Starting at the line that has "text \<open>A blow-up" and stopping after the line that has "i) = t) \<and>", reproduce the listing below exactly; omit everything else.

* DATA FOR THIS EXERCISE:
^^^^

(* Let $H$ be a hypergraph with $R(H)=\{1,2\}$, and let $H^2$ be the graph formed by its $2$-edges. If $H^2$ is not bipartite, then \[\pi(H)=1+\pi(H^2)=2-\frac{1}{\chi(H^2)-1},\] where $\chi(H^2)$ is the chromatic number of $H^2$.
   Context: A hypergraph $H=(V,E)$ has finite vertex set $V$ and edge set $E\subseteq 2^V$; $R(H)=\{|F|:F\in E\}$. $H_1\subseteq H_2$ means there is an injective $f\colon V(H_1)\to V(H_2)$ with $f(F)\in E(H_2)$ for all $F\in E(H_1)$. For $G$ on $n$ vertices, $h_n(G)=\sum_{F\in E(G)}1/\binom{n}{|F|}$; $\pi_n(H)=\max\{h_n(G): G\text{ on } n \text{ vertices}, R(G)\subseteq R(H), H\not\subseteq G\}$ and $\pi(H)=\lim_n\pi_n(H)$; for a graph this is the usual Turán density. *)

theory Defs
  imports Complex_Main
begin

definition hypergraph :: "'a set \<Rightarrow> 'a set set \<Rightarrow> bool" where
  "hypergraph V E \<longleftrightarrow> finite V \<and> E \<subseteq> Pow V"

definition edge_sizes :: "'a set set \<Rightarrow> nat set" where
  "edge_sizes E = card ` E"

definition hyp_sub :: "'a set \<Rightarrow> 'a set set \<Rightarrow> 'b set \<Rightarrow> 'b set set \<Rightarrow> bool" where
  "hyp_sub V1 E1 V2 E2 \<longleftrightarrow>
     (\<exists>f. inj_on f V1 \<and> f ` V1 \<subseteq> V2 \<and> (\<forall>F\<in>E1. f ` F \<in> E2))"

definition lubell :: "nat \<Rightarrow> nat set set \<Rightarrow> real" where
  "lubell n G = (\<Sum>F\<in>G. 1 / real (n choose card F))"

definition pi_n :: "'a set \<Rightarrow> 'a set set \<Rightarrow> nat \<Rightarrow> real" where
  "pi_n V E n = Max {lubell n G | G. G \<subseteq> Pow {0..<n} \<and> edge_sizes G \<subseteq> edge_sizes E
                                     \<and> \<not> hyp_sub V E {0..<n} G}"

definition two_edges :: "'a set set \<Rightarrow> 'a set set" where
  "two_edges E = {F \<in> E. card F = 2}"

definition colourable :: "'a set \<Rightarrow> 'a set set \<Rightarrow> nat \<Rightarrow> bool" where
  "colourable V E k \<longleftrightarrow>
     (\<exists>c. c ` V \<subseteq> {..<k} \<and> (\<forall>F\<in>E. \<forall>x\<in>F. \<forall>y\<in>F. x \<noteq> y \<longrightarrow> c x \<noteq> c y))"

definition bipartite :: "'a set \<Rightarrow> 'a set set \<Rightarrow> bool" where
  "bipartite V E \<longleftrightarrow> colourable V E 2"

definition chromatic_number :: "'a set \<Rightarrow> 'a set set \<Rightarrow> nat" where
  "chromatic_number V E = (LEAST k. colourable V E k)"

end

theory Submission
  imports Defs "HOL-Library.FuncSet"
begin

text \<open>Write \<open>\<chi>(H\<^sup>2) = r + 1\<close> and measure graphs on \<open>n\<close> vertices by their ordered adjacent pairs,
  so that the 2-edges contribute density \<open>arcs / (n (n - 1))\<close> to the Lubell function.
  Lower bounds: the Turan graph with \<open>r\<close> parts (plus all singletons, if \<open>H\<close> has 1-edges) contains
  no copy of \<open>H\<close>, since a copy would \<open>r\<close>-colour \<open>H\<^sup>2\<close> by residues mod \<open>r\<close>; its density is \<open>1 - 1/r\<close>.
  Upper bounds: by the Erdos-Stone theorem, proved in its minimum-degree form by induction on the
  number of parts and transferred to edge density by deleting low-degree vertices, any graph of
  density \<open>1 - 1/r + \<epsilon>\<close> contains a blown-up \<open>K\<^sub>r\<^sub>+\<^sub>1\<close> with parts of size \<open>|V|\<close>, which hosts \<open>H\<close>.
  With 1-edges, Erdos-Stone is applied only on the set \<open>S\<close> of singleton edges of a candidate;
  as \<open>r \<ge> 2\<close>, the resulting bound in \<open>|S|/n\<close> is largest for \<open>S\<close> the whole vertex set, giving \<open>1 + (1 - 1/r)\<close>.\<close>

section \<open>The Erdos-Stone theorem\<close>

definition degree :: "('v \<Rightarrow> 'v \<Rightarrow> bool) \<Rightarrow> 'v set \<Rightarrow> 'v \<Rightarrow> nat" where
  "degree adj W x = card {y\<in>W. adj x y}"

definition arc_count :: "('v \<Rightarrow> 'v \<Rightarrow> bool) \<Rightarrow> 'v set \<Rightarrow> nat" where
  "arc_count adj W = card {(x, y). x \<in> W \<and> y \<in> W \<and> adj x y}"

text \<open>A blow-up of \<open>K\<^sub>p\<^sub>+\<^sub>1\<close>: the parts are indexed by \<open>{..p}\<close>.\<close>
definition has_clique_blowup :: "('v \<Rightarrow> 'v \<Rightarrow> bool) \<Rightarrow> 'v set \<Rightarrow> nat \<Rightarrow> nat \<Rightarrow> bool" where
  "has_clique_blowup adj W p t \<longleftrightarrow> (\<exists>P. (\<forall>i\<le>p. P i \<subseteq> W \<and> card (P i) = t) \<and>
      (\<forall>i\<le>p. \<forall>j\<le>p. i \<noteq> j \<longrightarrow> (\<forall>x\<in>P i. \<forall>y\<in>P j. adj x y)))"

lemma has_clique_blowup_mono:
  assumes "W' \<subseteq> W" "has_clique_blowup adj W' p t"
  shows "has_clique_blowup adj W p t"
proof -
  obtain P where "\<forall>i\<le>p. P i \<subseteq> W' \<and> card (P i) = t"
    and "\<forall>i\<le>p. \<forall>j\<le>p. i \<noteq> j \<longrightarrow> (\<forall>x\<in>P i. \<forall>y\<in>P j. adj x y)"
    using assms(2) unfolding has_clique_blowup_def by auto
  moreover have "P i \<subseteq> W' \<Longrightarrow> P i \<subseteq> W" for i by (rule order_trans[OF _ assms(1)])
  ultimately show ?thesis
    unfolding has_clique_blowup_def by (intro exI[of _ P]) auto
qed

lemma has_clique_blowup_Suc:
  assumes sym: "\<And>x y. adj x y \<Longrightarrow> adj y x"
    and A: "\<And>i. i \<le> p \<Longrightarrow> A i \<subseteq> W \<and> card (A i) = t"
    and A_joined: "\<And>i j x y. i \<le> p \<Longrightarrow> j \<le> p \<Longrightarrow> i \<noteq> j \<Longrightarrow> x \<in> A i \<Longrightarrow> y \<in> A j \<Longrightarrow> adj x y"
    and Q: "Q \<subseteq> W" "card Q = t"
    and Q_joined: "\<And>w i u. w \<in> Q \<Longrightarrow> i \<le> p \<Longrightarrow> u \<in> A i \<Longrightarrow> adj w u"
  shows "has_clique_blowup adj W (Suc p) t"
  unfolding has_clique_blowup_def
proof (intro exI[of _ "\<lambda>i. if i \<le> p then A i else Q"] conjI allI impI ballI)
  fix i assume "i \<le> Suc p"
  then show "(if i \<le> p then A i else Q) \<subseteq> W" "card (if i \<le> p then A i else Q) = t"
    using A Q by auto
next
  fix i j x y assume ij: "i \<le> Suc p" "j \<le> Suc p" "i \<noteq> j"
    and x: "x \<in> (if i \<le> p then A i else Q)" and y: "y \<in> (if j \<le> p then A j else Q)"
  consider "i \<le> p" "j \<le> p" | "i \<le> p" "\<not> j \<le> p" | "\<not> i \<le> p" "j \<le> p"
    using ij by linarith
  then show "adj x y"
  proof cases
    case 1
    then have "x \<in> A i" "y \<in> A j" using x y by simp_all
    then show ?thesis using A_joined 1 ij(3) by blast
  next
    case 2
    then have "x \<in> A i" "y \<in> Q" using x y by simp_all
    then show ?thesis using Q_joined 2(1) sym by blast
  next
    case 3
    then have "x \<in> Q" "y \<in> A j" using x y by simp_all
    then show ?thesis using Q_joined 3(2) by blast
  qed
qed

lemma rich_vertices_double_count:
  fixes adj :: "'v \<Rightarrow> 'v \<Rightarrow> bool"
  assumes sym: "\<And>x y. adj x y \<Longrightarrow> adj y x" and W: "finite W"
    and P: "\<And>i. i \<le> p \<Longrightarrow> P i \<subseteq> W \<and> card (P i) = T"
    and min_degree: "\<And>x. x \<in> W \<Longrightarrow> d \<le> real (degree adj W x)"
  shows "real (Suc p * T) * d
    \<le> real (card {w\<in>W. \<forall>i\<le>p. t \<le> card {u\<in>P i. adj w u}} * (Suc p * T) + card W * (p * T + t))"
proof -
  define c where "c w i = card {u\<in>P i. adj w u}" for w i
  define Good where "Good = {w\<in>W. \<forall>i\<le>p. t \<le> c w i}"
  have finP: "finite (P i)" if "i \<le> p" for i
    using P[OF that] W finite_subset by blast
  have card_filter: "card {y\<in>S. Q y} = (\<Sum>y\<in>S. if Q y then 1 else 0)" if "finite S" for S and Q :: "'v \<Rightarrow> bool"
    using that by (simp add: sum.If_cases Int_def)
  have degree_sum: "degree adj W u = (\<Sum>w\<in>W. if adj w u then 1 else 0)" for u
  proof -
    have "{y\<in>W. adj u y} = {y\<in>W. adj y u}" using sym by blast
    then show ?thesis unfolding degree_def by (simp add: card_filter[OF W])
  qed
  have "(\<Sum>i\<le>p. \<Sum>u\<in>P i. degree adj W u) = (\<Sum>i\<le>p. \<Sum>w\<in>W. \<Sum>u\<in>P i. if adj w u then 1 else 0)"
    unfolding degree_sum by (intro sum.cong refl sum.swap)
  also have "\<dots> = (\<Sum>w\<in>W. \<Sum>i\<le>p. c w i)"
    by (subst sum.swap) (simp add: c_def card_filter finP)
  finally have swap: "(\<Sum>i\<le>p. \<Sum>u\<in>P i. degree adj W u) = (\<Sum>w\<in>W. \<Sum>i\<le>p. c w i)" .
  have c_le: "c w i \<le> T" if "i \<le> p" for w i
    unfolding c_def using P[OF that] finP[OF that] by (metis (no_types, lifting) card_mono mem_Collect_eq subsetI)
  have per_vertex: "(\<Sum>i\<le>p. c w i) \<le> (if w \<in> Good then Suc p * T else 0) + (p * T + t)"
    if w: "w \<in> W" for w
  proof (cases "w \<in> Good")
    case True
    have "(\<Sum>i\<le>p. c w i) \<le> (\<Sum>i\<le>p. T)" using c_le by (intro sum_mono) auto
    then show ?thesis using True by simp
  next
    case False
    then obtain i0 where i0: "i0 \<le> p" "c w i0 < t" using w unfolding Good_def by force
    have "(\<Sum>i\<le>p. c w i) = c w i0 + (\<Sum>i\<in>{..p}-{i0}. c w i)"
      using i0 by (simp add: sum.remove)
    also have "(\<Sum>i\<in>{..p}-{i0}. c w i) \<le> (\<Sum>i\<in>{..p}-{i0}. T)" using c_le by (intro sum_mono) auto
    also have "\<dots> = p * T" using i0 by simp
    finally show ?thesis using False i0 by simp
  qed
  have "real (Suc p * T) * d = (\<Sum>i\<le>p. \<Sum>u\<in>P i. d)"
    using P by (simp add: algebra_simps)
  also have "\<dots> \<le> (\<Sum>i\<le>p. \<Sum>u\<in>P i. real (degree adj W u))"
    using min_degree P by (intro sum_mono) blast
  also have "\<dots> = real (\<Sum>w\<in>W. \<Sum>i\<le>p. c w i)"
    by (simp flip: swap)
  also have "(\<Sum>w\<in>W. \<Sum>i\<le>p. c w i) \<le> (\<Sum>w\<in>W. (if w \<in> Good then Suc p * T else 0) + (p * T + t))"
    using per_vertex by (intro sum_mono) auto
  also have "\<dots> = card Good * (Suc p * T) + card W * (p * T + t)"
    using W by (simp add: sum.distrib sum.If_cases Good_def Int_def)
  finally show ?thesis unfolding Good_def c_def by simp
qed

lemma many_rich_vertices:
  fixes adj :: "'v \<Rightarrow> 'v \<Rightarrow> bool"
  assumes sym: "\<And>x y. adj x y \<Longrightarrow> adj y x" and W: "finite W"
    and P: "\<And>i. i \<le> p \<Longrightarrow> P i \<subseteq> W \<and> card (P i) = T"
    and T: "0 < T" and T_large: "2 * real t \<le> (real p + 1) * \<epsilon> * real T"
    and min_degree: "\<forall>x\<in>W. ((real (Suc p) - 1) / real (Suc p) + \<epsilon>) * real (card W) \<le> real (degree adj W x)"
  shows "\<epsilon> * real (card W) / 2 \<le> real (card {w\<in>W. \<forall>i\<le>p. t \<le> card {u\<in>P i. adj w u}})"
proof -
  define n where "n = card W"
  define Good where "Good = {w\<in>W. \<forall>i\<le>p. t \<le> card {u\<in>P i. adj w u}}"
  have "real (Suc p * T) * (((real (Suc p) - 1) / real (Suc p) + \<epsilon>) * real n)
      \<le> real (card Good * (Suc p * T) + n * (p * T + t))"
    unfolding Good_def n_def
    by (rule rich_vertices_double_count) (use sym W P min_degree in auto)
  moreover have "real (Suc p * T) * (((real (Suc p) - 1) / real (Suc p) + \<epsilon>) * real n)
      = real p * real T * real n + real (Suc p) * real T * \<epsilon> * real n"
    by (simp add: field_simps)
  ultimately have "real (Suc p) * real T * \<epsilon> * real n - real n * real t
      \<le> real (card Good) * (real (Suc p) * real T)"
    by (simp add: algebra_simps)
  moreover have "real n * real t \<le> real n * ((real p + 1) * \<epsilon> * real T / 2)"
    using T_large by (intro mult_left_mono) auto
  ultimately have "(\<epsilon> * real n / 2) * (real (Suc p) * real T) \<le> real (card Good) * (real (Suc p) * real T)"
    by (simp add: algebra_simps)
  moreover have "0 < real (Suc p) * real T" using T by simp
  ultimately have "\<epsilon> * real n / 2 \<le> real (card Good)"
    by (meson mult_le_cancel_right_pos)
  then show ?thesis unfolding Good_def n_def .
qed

^^^^

* WRITTEN SOLUTION:
text \<open>A blow-up of \<open>K\<^sub>p\<^sub>+\<^sub>1\<close>: the parts are indexed by \<open>{..p}\<close>.\<close>
definition has_clique_blowup :: "('v \<Rightarrow> 'v \<Rightarrow> bool) \<Rightarrow> 'v set \<Rightarrow> nat \<Rightarrow> nat \<Rightarrow> bool" where
  "has_clique_blowup adj W p t \<longleftrightarrow> (\<exists>P. (\<forall>i\<le>p. P i \<subseteq> W \<and> card (P i) = t) \<and>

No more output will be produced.